PROVIDED INFORMATION =

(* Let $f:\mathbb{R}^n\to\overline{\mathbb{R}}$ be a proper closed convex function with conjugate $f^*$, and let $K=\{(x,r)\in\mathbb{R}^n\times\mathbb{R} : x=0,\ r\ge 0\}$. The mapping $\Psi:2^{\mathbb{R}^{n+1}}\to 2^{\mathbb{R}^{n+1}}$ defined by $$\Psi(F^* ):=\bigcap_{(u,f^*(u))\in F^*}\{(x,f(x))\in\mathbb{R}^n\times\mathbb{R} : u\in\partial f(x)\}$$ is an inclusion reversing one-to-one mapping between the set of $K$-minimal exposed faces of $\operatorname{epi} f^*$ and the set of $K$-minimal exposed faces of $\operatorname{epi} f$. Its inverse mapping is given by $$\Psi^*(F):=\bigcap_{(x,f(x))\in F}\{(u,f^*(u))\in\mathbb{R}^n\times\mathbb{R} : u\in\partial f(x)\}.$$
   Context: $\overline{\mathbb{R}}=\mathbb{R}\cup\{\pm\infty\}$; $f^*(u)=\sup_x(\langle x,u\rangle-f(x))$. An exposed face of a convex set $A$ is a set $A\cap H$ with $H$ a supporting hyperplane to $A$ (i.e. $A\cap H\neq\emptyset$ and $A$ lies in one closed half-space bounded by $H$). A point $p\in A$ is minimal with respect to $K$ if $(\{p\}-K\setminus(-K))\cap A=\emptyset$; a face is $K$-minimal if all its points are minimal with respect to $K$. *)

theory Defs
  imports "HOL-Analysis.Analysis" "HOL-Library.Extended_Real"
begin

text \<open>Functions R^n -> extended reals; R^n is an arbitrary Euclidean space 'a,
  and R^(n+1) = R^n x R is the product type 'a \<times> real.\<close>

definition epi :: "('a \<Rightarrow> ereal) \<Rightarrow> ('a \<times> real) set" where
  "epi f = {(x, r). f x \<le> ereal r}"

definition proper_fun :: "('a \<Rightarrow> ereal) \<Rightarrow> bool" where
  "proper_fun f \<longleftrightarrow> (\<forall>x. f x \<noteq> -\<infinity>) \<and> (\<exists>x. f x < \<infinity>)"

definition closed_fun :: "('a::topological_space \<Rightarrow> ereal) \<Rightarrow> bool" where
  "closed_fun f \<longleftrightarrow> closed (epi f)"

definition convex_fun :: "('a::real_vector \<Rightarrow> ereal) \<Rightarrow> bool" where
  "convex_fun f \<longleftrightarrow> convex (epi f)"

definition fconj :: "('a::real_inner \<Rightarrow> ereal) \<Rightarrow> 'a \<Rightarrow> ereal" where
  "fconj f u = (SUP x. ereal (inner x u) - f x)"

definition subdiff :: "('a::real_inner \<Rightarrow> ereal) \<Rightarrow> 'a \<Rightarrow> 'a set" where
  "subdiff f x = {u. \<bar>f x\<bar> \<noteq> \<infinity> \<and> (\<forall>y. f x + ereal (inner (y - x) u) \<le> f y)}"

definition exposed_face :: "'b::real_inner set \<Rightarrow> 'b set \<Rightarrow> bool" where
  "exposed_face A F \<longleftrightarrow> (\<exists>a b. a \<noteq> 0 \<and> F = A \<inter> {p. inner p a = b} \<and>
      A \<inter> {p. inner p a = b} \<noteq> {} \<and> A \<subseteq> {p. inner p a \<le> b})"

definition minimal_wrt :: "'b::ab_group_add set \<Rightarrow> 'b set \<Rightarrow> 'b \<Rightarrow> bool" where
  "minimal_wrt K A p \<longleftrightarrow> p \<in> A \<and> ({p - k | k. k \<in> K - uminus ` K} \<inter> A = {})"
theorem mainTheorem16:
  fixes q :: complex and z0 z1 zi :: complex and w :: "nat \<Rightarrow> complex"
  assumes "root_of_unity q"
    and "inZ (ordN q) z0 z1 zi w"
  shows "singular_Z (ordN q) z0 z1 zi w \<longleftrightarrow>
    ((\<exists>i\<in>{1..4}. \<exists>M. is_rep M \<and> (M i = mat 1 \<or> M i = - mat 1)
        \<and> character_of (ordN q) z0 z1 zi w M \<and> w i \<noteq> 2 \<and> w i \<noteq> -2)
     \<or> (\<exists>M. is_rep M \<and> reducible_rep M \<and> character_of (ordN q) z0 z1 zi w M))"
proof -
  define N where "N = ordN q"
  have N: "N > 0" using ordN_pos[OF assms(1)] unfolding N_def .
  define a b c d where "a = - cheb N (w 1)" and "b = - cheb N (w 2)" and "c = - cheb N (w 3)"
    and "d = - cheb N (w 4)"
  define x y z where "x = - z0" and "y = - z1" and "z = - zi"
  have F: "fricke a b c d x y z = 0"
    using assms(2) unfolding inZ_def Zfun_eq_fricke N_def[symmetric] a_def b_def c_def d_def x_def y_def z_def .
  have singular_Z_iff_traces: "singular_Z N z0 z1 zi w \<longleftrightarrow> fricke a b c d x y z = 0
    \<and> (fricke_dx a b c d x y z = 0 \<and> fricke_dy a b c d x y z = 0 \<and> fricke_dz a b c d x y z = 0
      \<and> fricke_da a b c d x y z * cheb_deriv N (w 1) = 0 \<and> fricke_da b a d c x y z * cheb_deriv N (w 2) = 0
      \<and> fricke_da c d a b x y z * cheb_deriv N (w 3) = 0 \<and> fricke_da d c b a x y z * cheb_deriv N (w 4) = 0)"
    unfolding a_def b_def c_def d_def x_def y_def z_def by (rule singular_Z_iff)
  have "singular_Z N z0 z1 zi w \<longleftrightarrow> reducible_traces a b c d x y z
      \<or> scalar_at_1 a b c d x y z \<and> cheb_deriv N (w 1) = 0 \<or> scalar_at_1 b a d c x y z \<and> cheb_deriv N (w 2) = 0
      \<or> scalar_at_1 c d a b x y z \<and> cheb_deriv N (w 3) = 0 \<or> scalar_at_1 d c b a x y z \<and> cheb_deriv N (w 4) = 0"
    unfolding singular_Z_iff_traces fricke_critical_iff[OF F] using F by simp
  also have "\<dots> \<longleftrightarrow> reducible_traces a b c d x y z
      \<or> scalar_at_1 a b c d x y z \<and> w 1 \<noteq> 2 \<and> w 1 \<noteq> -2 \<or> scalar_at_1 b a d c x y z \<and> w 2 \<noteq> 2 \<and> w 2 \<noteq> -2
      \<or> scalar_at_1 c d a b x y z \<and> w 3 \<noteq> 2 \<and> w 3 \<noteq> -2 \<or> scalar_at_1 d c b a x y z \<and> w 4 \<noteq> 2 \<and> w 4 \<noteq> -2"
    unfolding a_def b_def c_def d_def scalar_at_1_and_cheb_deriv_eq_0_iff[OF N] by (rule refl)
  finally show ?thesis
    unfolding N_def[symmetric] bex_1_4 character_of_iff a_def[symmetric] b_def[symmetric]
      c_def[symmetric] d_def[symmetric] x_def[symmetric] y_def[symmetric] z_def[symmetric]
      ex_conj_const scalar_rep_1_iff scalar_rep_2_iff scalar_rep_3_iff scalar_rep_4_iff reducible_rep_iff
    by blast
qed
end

==

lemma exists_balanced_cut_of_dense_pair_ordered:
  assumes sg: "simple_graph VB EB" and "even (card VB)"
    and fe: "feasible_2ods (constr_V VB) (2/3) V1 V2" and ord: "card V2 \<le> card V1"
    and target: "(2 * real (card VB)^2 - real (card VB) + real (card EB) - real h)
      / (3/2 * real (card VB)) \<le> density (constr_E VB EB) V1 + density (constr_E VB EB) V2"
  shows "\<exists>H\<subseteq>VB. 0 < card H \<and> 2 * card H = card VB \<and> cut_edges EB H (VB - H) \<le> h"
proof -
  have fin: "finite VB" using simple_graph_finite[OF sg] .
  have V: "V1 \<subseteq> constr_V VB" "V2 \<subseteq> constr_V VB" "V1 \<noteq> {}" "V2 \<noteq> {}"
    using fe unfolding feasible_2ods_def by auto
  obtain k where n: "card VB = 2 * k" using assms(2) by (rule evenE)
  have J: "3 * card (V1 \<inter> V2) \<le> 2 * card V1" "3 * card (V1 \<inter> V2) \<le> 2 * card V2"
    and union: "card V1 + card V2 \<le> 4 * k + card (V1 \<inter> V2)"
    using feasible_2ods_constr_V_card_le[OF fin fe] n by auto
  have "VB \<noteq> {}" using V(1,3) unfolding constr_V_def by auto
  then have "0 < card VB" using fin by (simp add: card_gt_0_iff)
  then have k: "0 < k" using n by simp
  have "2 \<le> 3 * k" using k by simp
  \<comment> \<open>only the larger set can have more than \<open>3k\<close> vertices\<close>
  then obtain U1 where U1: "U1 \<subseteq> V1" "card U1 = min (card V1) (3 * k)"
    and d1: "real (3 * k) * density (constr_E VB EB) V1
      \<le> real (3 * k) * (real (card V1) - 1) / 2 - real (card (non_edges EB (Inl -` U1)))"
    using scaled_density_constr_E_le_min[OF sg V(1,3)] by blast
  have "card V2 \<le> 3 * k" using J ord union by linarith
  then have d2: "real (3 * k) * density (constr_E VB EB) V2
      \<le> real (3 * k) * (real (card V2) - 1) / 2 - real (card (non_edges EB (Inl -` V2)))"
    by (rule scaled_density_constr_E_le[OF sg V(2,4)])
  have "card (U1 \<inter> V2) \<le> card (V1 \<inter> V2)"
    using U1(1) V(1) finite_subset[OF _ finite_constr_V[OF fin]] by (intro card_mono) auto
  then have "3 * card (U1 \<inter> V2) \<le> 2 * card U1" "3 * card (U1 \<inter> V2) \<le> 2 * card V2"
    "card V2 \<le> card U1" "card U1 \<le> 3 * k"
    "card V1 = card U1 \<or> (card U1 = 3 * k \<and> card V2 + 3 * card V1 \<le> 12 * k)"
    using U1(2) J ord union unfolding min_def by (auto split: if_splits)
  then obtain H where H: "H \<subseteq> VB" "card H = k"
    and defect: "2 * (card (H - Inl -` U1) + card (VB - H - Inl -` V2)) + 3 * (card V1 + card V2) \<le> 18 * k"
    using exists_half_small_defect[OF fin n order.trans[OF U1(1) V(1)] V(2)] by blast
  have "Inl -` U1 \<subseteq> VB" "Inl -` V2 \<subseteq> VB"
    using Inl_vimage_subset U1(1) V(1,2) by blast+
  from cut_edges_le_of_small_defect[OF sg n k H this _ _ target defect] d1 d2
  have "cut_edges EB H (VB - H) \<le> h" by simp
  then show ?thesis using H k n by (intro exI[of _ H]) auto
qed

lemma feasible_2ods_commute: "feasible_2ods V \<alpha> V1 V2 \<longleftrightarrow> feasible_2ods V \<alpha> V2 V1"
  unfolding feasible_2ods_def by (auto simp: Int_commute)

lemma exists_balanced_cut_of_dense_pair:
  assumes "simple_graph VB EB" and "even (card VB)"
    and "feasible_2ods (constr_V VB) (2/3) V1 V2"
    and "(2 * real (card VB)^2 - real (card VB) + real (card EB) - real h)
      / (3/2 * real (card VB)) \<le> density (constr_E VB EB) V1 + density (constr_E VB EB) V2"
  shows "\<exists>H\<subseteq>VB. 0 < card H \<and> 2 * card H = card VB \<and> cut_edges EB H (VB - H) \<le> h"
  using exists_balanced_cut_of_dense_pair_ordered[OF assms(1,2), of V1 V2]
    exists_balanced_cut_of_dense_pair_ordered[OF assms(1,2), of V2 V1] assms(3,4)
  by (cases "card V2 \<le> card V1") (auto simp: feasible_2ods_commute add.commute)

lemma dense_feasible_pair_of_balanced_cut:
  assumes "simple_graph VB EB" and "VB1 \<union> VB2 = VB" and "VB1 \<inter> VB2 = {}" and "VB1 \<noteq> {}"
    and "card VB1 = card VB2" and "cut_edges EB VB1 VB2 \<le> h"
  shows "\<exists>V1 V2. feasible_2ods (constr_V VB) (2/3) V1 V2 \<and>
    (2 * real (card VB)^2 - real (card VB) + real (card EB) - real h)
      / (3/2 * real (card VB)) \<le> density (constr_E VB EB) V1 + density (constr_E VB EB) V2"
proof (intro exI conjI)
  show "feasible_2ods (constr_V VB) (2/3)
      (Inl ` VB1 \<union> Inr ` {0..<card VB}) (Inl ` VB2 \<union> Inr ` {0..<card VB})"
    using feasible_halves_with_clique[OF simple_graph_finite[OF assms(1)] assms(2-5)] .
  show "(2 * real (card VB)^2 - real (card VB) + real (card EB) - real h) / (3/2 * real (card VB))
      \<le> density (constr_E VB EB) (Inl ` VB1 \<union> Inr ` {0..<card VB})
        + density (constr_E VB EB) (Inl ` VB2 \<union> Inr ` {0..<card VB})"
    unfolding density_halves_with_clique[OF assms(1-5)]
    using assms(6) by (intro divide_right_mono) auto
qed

WORK TASK = The entries above hold the needed span. Transcribe exactly the lines from the one with "and R^(n+1) = R^n" to the one with "inner p a \<le>", both included.

OUTPUT OF THE TASK =
  and R^(n+1) = R^n x R is the product type 'a \<times> real.\<close>

definition epi :: "('a \<Rightarrow> ereal) \<Rightarrow> ('a \<times> real) set" where
  "epi f = {(x, r). f x \<le> ereal r}"

definition proper_fun :: "('a \<Rightarrow> ereal) \<Rightarrow> bool" where
  "proper_fun f \<longleftrightarrow> (\<forall>x. f x \<noteq> -\<infinity>) \<and> (\<exists>x. f x < \<infinity>)"

definition closed_fun :: "('a::topological_space \<Rightarrow> ereal) \<Rightarrow> bool" where
  "closed_fun f \<longleftrightarrow> closed (epi f)"

definition convex_fun :: "('a::real_vector \<Rightarrow> ereal) \<Rightarrow> bool" where
  "convex_fun f \<longleftrightarrow> convex (epi f)"

definition fconj :: "('a::real_inner \<Rightarrow> ereal) \<Rightarrow> 'a \<Rightarrow> ereal" where
  "fconj f u = (SUP x. ereal (inner x u) - f x)"

definition subdiff :: "('a::real_inner \<Rightarrow> ereal) \<Rightarrow> 'a \<Rightarrow> 'a set" where
  "subdiff f x = {u. \<bar>f x\<bar> \<noteq> \<infinity> \<and> (\<forall>y. f x + ereal (inner (y - x) u) \<le> f y)}"

definition exposed_face :: "'b::real_inner set \<Rightarrow> 'b set \<Rightarrow> bool" where
  "exposed_face A F \<longleftrightarrow> (\<exists>a b. a \<noteq> 0 \<and> F = A \<inter> {p. inner p a = b} \<and>
      A \<inter> {p. inner p a = b} \<noteq> {} \<and> A \<subseteq> {p. inner p a \<le> b})"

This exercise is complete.